> [WORK REQUIRED] Look through the lines below, find those with the word "metis", and copy them.

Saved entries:
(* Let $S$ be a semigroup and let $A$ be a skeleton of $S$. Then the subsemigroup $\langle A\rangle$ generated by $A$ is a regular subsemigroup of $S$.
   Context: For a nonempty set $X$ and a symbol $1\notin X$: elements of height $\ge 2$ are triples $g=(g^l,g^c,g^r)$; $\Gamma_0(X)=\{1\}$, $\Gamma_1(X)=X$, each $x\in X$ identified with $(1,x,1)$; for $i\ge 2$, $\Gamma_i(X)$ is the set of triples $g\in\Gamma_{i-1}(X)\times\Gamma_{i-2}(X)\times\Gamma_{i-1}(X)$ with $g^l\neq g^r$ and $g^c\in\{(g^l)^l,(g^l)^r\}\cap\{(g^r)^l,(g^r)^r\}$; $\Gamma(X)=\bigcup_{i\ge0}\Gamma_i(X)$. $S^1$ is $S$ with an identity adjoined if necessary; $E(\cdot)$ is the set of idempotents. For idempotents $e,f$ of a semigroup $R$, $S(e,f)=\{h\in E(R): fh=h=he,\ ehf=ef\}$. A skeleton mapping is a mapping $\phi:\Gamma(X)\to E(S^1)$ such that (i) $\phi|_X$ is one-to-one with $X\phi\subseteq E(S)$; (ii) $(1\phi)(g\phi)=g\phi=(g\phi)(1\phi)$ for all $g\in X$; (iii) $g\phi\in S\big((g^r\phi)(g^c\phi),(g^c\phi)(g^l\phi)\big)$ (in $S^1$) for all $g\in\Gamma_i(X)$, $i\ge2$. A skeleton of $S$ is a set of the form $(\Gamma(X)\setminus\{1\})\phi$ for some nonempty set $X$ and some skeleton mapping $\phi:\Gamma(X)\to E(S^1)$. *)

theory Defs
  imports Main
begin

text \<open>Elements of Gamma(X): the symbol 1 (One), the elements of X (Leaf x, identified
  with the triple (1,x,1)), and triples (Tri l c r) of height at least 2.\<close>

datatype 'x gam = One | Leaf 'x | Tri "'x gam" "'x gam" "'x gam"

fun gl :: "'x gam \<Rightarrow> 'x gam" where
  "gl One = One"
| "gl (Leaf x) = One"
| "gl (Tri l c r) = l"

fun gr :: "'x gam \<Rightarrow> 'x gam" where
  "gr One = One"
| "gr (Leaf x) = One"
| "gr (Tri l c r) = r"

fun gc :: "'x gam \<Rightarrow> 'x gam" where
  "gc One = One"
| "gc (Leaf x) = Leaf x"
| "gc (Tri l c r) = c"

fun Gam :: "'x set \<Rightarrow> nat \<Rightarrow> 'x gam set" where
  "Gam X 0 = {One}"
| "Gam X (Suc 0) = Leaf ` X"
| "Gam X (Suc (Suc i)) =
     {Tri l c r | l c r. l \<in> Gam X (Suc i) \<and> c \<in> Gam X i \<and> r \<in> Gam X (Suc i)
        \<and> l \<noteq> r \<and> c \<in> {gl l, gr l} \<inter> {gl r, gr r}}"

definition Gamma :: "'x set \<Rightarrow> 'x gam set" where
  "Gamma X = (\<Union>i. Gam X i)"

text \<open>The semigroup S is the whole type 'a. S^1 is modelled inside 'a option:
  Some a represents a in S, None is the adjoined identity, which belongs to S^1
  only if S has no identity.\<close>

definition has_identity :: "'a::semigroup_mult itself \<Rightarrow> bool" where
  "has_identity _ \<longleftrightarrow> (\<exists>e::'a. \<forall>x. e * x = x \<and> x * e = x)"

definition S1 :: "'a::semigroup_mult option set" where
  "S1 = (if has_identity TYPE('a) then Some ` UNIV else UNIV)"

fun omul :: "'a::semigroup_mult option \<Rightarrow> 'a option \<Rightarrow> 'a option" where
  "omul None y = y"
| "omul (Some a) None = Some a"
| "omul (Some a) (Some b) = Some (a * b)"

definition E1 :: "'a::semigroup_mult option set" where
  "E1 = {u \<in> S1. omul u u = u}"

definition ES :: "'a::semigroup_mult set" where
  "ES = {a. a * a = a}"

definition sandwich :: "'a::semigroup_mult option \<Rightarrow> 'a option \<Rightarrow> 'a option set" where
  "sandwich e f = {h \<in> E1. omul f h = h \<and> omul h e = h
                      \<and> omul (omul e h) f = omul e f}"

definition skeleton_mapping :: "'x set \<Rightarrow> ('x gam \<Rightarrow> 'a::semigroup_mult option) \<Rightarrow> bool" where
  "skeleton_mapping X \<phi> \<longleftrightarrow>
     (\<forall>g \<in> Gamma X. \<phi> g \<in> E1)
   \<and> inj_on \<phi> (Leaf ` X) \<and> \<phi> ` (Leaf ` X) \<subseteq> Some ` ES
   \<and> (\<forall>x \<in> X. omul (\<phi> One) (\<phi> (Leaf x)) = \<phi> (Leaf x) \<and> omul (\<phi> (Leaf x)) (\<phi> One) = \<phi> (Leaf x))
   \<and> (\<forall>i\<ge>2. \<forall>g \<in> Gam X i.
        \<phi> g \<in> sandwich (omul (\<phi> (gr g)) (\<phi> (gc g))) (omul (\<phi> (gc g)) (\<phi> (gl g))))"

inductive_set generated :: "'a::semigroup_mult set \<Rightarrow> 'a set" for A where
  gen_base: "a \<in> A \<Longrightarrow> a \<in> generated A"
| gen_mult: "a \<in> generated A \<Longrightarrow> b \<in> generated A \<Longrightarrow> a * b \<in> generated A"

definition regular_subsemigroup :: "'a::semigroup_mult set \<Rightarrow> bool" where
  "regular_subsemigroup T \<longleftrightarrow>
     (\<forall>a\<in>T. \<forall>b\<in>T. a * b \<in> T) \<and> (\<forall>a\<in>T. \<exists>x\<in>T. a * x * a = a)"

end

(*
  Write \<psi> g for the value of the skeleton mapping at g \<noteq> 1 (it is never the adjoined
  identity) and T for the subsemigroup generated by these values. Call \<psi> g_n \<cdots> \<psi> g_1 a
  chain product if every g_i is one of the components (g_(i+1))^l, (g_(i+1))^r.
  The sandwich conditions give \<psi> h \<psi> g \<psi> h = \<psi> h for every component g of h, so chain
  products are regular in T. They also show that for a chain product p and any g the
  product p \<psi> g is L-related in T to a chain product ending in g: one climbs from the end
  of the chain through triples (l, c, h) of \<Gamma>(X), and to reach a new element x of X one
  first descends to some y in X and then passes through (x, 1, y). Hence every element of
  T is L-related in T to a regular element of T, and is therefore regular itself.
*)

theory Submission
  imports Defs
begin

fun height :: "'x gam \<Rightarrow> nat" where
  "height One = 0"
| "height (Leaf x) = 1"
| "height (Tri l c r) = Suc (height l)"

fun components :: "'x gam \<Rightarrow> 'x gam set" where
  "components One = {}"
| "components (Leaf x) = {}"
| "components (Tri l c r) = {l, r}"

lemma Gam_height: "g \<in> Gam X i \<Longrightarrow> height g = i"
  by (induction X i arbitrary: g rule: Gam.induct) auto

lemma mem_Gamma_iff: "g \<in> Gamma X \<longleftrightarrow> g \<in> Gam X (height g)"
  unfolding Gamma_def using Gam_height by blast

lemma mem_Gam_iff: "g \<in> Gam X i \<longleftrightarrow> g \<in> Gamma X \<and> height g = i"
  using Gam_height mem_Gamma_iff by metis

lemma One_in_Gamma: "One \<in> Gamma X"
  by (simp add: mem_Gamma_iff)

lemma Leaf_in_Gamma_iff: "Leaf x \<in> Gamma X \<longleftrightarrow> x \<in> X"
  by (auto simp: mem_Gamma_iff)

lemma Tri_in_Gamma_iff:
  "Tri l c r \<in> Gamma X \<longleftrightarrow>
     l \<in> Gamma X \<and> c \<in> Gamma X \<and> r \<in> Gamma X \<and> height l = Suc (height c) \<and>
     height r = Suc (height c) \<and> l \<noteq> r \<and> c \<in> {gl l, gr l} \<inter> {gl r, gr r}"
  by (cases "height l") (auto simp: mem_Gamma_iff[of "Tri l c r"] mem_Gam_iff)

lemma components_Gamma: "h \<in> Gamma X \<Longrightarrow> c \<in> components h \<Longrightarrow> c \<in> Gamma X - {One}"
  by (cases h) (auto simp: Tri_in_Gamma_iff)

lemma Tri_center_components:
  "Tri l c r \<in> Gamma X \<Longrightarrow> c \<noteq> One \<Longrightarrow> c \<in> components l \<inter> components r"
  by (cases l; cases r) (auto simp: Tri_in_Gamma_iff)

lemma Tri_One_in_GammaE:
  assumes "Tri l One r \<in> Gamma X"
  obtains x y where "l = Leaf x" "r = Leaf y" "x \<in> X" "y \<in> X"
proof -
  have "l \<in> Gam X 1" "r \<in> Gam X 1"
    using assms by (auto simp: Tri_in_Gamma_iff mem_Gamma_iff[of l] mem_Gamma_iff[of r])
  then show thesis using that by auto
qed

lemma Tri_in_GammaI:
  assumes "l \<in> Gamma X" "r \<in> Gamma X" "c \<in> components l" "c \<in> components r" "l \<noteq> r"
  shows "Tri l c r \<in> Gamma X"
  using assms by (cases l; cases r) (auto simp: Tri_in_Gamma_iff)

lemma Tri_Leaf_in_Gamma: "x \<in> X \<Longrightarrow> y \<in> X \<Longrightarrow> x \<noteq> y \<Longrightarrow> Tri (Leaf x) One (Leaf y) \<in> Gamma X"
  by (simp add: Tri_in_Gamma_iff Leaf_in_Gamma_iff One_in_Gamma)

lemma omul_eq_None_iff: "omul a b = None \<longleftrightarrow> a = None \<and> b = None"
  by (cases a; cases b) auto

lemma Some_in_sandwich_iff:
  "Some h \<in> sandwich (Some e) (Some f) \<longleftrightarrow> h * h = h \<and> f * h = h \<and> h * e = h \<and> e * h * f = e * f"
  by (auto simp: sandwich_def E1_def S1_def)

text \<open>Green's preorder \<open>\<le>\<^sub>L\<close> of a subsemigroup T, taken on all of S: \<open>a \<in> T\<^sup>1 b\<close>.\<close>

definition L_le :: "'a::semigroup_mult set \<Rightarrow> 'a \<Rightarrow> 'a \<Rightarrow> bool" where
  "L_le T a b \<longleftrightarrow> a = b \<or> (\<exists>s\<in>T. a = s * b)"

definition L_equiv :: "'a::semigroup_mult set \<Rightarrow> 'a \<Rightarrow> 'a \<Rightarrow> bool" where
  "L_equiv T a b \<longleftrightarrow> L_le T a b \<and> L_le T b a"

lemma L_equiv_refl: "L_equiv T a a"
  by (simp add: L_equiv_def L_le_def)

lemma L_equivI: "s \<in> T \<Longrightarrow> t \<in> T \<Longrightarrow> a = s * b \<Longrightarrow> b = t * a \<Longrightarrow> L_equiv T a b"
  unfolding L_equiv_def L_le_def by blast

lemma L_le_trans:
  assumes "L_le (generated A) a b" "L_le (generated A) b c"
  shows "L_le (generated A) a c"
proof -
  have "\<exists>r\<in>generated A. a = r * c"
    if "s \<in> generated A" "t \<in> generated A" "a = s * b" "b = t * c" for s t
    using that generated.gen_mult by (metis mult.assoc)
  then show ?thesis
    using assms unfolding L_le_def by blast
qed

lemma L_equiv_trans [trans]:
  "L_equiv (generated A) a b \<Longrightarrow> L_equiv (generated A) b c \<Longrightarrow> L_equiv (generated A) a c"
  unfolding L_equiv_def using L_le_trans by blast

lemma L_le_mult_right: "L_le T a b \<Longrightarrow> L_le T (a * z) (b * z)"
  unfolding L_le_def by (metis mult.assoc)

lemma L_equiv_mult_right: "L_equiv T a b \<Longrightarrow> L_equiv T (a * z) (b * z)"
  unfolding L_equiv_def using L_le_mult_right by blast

> [RESPONSE TO THE TASK]
  using Gam_height mem_Gamma_iff by metis
    using that generated.gen_mult by (metis mult.assoc)
  unfolding L_le_def by (metis mult.assoc)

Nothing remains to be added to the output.